3°) CONFIRMATION QU’IL EST INUTILE ET NUISIBLE DE DIVISER LES FRANÇAIS SUR LES QUESTIONS MIGRATOIRES TANT QUE NOUS NE SOMMES PAS SORTIS DE L’UE.

Enfin, l’information du jour confirme une nouvelle fois qu’il est non seulement inutile mais profondément nuisible de diviser les Français sur les questions migratoires puisque les grands choix politiques en la matière ne dépendent plus de leurs votes.

En particulier, le rôle du FN depuis des décennies a été profondément nocif à cet égard puisque sa dénonciation constante et extrémiste de l’immigration clandestine et des immigrés n’a eu pour effet que d’empoisonner le débat sur le sujet et de diviser les Français.

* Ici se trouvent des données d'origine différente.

(* If $r$ divides $s$, then each of $\nu(n,P^{(r)}_s)$, $\nu^*(n,P^{(r)}_s)$ and $\tau^*(n,P^{(r)}_s)$ equals $\left(\left(\frac{r}{s}\right)^r+o(1)\right)\binom{n}{r}$, where $o(1)\to0$ as $n\to\infty$ with $r,s$ fixed.
   Context: $K^{(r)}_n$ is the ordered complete $r$-uniform hypergraph on $[n]=\{1,\dots,n\}$ with its natural order; a copy of an ordered hypergraph $H$ in $K^{(r)}_n$ is the image of $H$ under an order-preserving injection $V(H)\to[n]$. The natural path $P^{(r)}_s$ has vertices $v_1<\dots<v_s$ and edges all sets of $r$ consecutive vertices $\{v_j,\dots,v_{j+r-1}\}$, $1\le j\le s-r+1$. $\nu(n,H)$ is the maximum number of pairwise edge-disjoint copies of $H$ in $K^{(r)}_n$. A fractional $H$-transversal is a function $w:E(K^{(r)}_n)\to[0,\infty)$ with $\sum_{e\in E(H')}w(e)\ge1$ for every copy $H'$ of $H$; $\tau^*(n,H)$ is the minimum total weight of a fractional $H$-transversal. A fractional $H$-packing is an assignment of weights $w(H')\ge0$ to the copies $H'$ of $H$ in $K^{(r)}_n$ such that for each edge $e$ of $K^{(r)}_n$ the total weight of copies containing $e$ is at most $1$; $\nu^*(n,H)$ is the maximum total weight of a fractional $H$-packing. *)

theory Defs
  imports Complex_Main
begin

definition Kedges :: "nat \<Rightarrow> nat \<Rightarrow> nat set set" where
  "Kedges n r = {e. e \<subseteq> {1..n} \<and> card e = r}"

text \<open>The path has vertices v_0 < ... < v_(s-1) (indexed from 0 here) and edges
  {v_j,...,v_(j+r-1)} for j + r \<le> s; a copy is the image under an
  order-preserving injection f into {1..n}.\<close>
definition path_copies :: "nat \<Rightarrow> nat \<Rightarrow> nat \<Rightarrow> nat set set set" where
  "path_copies n r s =
     {{f ` {j..<j+r} | j. j + r \<le> s} | f.
        strict_mono_on {0..<s} f \<and> f ` {0..<s} \<subseteq> {1..n}}"

definition nu_path :: "nat \<Rightarrow> nat \<Rightarrow> nat \<Rightarrow> nat" where
  "nu_path n r s = Max {card C | C. C \<subseteq> path_copies n r s \<and>
      (\<forall>A\<in>C. \<forall>B\<in>C. A \<noteq> B \<longrightarrow> A \<inter> B = {})}"

definition nu_star_path :: "nat \<Rightarrow> nat \<Rightarrow> nat \<Rightarrow> real" where
  "nu_star_path n r s = Sup {(\<Sum>P\<in>path_copies n r s. w P) | w.
      (\<forall>P\<in>path_copies n r s. 0 \<le> w P) \<and>
      (\<forall>e\<in>Kedges n r. (\<Sum>P\<in>{P\<in>path_copies n r s. e \<in> P}. w P) \<le> 1)}"

definition tau_star_path :: "nat \<Rightarrow> nat \<Rightarrow> nat \<Rightarrow> real" where
  "tau_star_path n r s = Inf {(\<Sum>e\<in>Kedges n r. w e) | w.
      (\<forall>e\<in>Kedges n r. 0 \<le> w e) \<and>
      (\<forall>P\<in>path_copies n r s. (\<Sum>e\<in>P. w e) \<ge> 1)}"

end

theory Submission
  imports Defs
begin

text \<open>Write \<open>s = k r\<close> and \<open>m = n div k\<close>. For every \<open>r\<close>-subset \<open>X\<close> of \<open>[m]\<close>, the path that runs
  through \<open>X\<close>, then \<open>X + m\<close>, \<open>X + 2m\<close>, ..., \<open>X + (k - 1) m\<close> is a copy of \<open>P_s\<close> each of whose
  edges reduces modulo \<open>m\<close> to \<open>X\<close>; these copies are pairwise edge-disjoint, so
  \<open>\<nu> \<ge> C(m, r)\<close>. Conversely, cut \<open>[n]\<close> into \<open>k\<close> intervals of length \<open>m + 1\<close> and give weight
  \<open>1/k\<close> to every edge inside one interval. Of the windows of \<open>r\<close> consecutive vertices of
  a copy of \<open>P_s\<close>, at most \<open>(k - 1)(r - 1)\<close> meet two intervals, so at least \<open>k\<close> edges
  of the copy lie inside an interval: this is a fractional transversal of weight at most
  \<open>C(m + 1, r)\<close>. Weak LP duality gives \<open>\<nu> \<le> \<nu>* \<le> \<tau>*\<close>, and
  \<open>C(n div k + c, r) / C(n, r) \<longrightarrow> k^-r\<close>.\<close>

definition path_edges :: "nat \<Rightarrow> nat \<Rightarrow> (nat \<Rightarrow> nat) \<Rightarrow> nat set set" where
  "path_edges r s f = {f ` {j..<j+r} | j. j + r \<le> s}"

lemma path_edgesI: "j + r \<le> s \<Longrightarrow> f ` {j..<j+r} \<in> path_edges r s f"
  unfolding path_edges_def by (intro CollectI exI[of _ j]) simp

lemma path_copies_eq:
  "path_copies n r s =
     {path_edges r s f | f. strict_mono_on {0..<s} f \<and> f ` {0..<s} \<subseteq> {1..n}}"
  by (simp add: path_copies_def path_edges_def)

lemma path_edges_subset_Kedges:
  assumes "strict_mono_on {0..<s} f" "f ` {0..<s} \<subseteq> {1..n}"
  shows "path_edges r s f \<subseteq> Kedges n r"
proof
  fix e assume "e \<in> path_edges r s f"
  then obtain j where j: "j + r \<le> s" "e = f ` {j..<j+r}"
    by (auto simp: path_edges_def)
  then have window: "{j..<j+r} \<subseteq> {0..<s}"
    by auto
  then have "inj_on f {j..<j+r}"
    using strict_mono_on_imp_inj_on[OF assms(1)] inj_on_subset by blast
  with j window assms(2) show "e \<in> Kedges n r"
    by (auto simp: Kedges_def card_image)
qed

lemma path_copy_subset_Kedges: "P \<in> path_copies n r s \<Longrightarrow> P \<subseteq> Kedges n r"
  unfolding path_copies_eq using path_edges_subset_Kedges by blast

lemma finite_Kedges: "finite (Kedges n r)"
  unfolding Kedges_def by (rule finite_subset[of _ "Pow {1..n}"]) auto

lemma finite_path_copies: "finite (path_copies n r s)"
  by (rule finite_subset[of _ "Pow (Kedges n r)"])
    (auto dest: path_copy_subset_Kedges simp: finite_Kedges)

lemma finite_path_copy: "P \<in> path_copies n r s \<Longrightarrow> finite P"
  using finite_subset[OF path_copy_subset_Kedges finite_Kedges] .

lemma path_copy_nonempty:
  assumes "P \<in> path_copies n r s" "r \<le> s"
  shows "P \<noteq> {}"
proof -
  obtain f where "P = path_edges r s f"
    using assms(1) by (auto simp: path_copies_eq)
  moreover have "f ` {0..<0+r} \<in> path_edges r s f"
    using assms(2) by (intro path_edgesI) simp
  ultimately show ?thesis
    by blast
qed

lemma inj_on_path_windows:
  fixes f :: "nat \<Rightarrow> 'a::order"
  assumes f: "strict_mono_on {0..<s} f" and "0 < r"
  shows "inj_on (\<lambda>j. f ` {j..<j+r}) {j. j + r \<le> s}"
proof -
  have first_not_later: "f j \<notin> f ` {j'..<j'+r}" if "j < j'" "j' + r \<le> s" for j j'
  proof
    assume "f j \<in> f ` {j'..<j'+r}"
    then obtain i where i: "i \<in> {j'..<j'+r}" "f j = f i"
      by blast
    with that have "j < i" "i < s"
      by auto
    then have "f j < f i"
      by (intro strict_mono_onD[OF f]) auto
    with i(2) show False
      by simp
  qed
  show ?thesis
  proof (rule inj_onI)
    fix j j' assume "j \<in> {j. j + r \<le> s}" "j' \<in> {j. j + r \<le> s}"
      and eq: "f ` {j..<j+r} = f ` {j'..<j'+r}"
    moreover have "f j \<in> f ` {j..<j+r}" "f j' \<in> f ` {j'..<j'+r}"
      using \<open>0 < r\<close> by auto
    ultimately show "j = j'"
      using first_not_later by (cases j j' rule: linorder_cases) auto
  qed
qed

section \<open>Packings and fractional transversals\<close>

definition fractional_packing :: "nat \<Rightarrow> nat \<Rightarrow> nat \<Rightarrow> (nat set set \<Rightarrow> real) \<Rightarrow> bool" where
  "fractional_packing n r s w \<longleftrightarrow>
     (\<forall>P\<in>path_copies n r s. 0 \<le> w P) \<and>
     (\<forall>e\<in>Kedges n r. (\<Sum>P\<in>{P\<in>path_copies n r s. e \<in> P}. w P) \<le> 1)"

definition fractional_transversal :: "nat \<Rightarrow> nat \<Rightarrow> nat \<Rightarrow> (nat set \<Rightarrow> real) \<Rightarrow> bool" where
  "fractional_transversal n r s t \<longleftrightarrow>
     (\<forall>e\<in>Kedges n r. 0 \<le> t e) \<and> (\<forall>P\<in>path_copies n r s. 1 \<le> (\<Sum>e\<in>P. t e))"

lemma nu_star_path_eq_Sup:
  "nu_star_path n r s = Sup {(\<Sum>P\<in>path_copies n r s. w P) | w. fractional_packing n r s w}"
  by (simp add: nu_star_path_def fractional_packing_def)

lemma tau_star_path_eq_Inf:
  "tau_star_path n r s = Inf {(\<Sum>e\<in>Kedges n r. t e) | t. fractional_transversal n r s t}"
  by (simp add: tau_star_path_def fractional_transversal_def)

lemma fractional_packing_zero: "fractional_packing n r s (\<lambda>_. 0)"
  by (simp add: fractional_packing_def)

lemma fractional_transversal_one:
  assumes "r \<le> s"
  shows "fractional_transversal n r s (\<lambda>_. 1)"
  using assms path_copy_nonempty finite_path_copy
  by (fastforce simp: fractional_transversal_def Suc_le_eq)

lemma fractional_weak_duality:
  assumes w: "fractional_packing n r s w" and t: "fractional_transversal n r s t"
  shows "(\<Sum>P\<in>path_copies n r s. w P) \<le> (\<Sum>e\<in>Kedges n r. t e)"
proof -
  let ?Q = "path_copies n r s" and ?K = "Kedges n r"
  have "(\<Sum>P\<in>?Q. w P) \<le> (\<Sum>P\<in>?Q. w P * (\<Sum>e\<in>P. t e))"
  proof (intro sum_mono)
    fix P assume "P \<in> ?Q"
    then have "0 \<le> w P" "1 \<le> (\<Sum>e\<in>P. t e)"
      using w t by (auto simp: fractional_packing_def fractional_transversal_def)
    then show "w P \<le> w P * (\<Sum>e\<in>P. t e)"
      by (metis mult_left_mono mult.right_neutral)
  qed
  also have "\<dots> = (\<Sum>P\<in>?Q. \<Sum>e\<in>{e\<in>?K. e \<in> P}. w P * t e)"
  proof (intro sum.cong refl)
    fix P assume "P \<in> ?Q"
    then have "{e\<in>?K. e \<in> P} = P"
      using path_copy_subset_Kedges by blast
    then show "w P * (\<Sum>e\<in>P. t e) = (\<Sum>e\<in>{e\<in>?K. e \<in> P}. w P * t e)"
      by (simp add: sum_distrib_left)
  qed
  also have "\<dots> = (\<Sum>e\<in>?K. t e * (\<Sum>P\<in>{P\<in>?Q. e \<in> P}. w P))"
    by (simp add: sum.swap_restrict[OF finite_path_copies finite_Kedges] sum_distrib_left
        mult.commute)
  also have "\<dots> \<le> (\<Sum>e\<in>?K. t e)"
    using w t by (intro sum_mono)
      (simp add: fractional_packing_def fractional_transversal_def mult_left_le)
  finally show ?thesis .
qed

lemma sum_le_nu_star_path:
  assumes "r \<le> s" "fractional_packing n r s w"
  shows "(\<Sum>P\<in>path_copies n r s. w P) \<le> nu_star_path n r s"
  unfolding nu_star_path_eq_Sup
proof (rule cSup_upper)
  show "bdd_above {(\<Sum>P\<in>path_copies n r s. w P) | w. fractional_packing n r s w}"
    using fractional_weak_duality[OF _ fractional_transversal_one[OF \<open>r \<le> s\<close>]]
    by (intro bdd_aboveI[where M = "real (card (Kedges n r))"]) auto
qed (use assms in blast)

lemma tau_star_path_le_sum:
  assumes "fractional_transversal n r s t"
  shows "tau_star_path n r s \<le> (\<Sum>e\<in>Kedges n r. t e)"
  unfolding tau_star_path_eq_Inf
proof (rule cInf_lower)
  show "bdd_below {(\<Sum>e\<in>Kedges n r. t e) | t. fractional_transversal n r s t}"
    by (rule bdd_belowI[of _ 0]) (auto simp: fractional_transversal_def intro: sum_nonneg)
qed (use assms in blast)

lemma nu_star_le_tau_star_path:
  assumes "r \<le> s"
  shows "nu_star_path n r s \<le> tau_star_path n r s"
  unfolding nu_star_path_eq_Sup tau_star_path_eq_Inf
  using fractional_packing_zero fractional_transversal_one[OF assms] fractional_weak_duality
  by (intro cSup_least cInf_greatest) blast+

lemma nu_path_eq_Max:
  "nu_path n r s = Max {card C | C. C \<subseteq> path_copies n r s \<and> pairwise disjnt C}"
  by (simp add: nu_path_def pairwise_def disjnt_def)

lemma finite_packing_sizes:
  "finite {card C | C. C \<subseteq> path_copies n r s \<and> pairwise disjnt C}"
  by (rule finite_subset[of _ "card ` Pow (path_copies n r s)"]) (auto simp: finite_path_copies)

lemma card_le_nu_path:
  assumes "C \<subseteq> path_copies n r s" "pairwise disjnt C"
  shows "card C \<le> nu_path n r s"
  unfolding nu_path_eq_Max using assms by (intro Max_ge finite_packing_sizes) blast

lemma nu_path_attained:
  obtains C where "C \<subseteq> path_copies n r s" "pairwise disjnt C" "card C = nu_path n r s"
proof -
  define S where "S = {card C | C. C \<subseteq> path_copies n r s \<and> pairwise disjnt C}"
  have "card {} \<in> S"
    unfolding S_def by (intro CollectI exI[of _ "{}"]) simp
  then have "Max S \<in> S"
    using finite_packing_sizes by (intro Max_in) (auto simp: S_def)
  then show ?thesis
    using that unfolding S_def nu_path_eq_Max by auto
qed

lemma nu_path_le_nu_star_path:
  assumes "r \<le> s"
  shows "real (nu_path n r s) \<le> nu_star_path n r s"
proof -
  obtain C where C: "C \<subseteq> path_copies n r s" "pairwise disjnt C" "card C = nu_path n r s"
    using nu_path_attained .
  have at_most_one: "card ({P\<in>path_copies n r s. e \<in> P} \<inter> C) \<le> 1" for e
    unfolding One_nat_def using C(2) finite_path_copies
    by (subst card_le_Suc0_iff_eq) (auto simp: pairwise_def disjnt_def)
  have "fractional_packing n r s (\<lambda>P. of_bool (P \<in> C))"
    using at_most_one finite_path_copies by (simp add: fractional_packing_def Collect_conj_eq)
  then have "(\<Sum>P\<in>path_copies n r s. of_bool (P \<in> C)) \<le> nu_star_path n r s"
    by (rule sum_le_nu_star_path[OF assms])
  moreover have "path_copies n r s \<inter> C = C"
    using C(1) by blast
  ultimately show ?thesis
    using C(3) finite_path_copies by simp
qed

section \<open>Edge-disjoint copies from periodic embeddings\<close>

lemma image_mod_interval:
  fixes r j :: nat
  assumes "0 < r"
  shows "(\<lambda>i. i mod r) ` {j..<j+r} = {0..<r}"
proof
  show "(\<lambda>i. i mod r) ` {j..<j+r} \<subseteq> {0..<r}"
    using assms by auto
  show "{0..<r} \<subseteq> (\<lambda>i. i mod r) ` {j..<j+r}"
  proof
    fix t assume t: "t \<in> {0..<r}"
    define d where "d = (t + r - j mod r) mod r"
    have "(j + d) mod r = (j + (t + r - j mod r)) mod r"
      by (simp add: d_def mod_add_right_eq)
    also have "j + (t + r - j mod r) = j div r * r + (t + r)"
      using mod_less_divisor[OF assms, of j] div_mult_mod_eq[of j r] by linarith
    also have "(j div r * r + (t + r)) mod r = t"
      using t by simp
    finally have "(j + d) mod r = t" .
    moreover have "j + d \<in> {j..<j+r}"
      using assms by (simp add: d_def)
    ultimately show "t \<in> (\<lambda>i. i mod r) ` {j..<j+r}"
      by (metis image_eqI)
  qed
qed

Du reste, au moment des élections, ni jadis M. Le Pen ni maintenant Mme Le Pen ne proposent jamais de sortir de l’Union européenne (cf. http://www.upr.fr/dossiers-de-fond/fn-propose-pas-reellement-faire-sortir-france-lunion-europeenne-meme-leuro )

Seule la position de l’UPR est lucide, juste et rassembleuse. À la différence de tous les autres partis, l’UPR refuse d’aborder la question de l’immigration, non pas parce que c’est un sujet sans intérêt, mais parce que c’est un sujet sur lequel les Français ont été dépouillés de leur pouvoir.

Se déchirer en camps irréductibles sur cette question ne sert donc strictement à rien concrètement, si ce n’est qu’à empêcher les Français de tous les horizons de se rassembler dans l’objectif – ô combien prioritaire ! – de faire sortir D’ABORD la France de l’Union européenne.

Ce n’est qu’ensuite, une fois que la France aura récupéré ses pouvoirs, qu’il sera temps d’ouvrir le débat. Nous l’avons prévu : un large débat national aura alors lieu, donnant la parole à toutes les sensibilités, et il se conclura par un référendum à questions multiples pour demander au peuple français ce qu’il souhaite.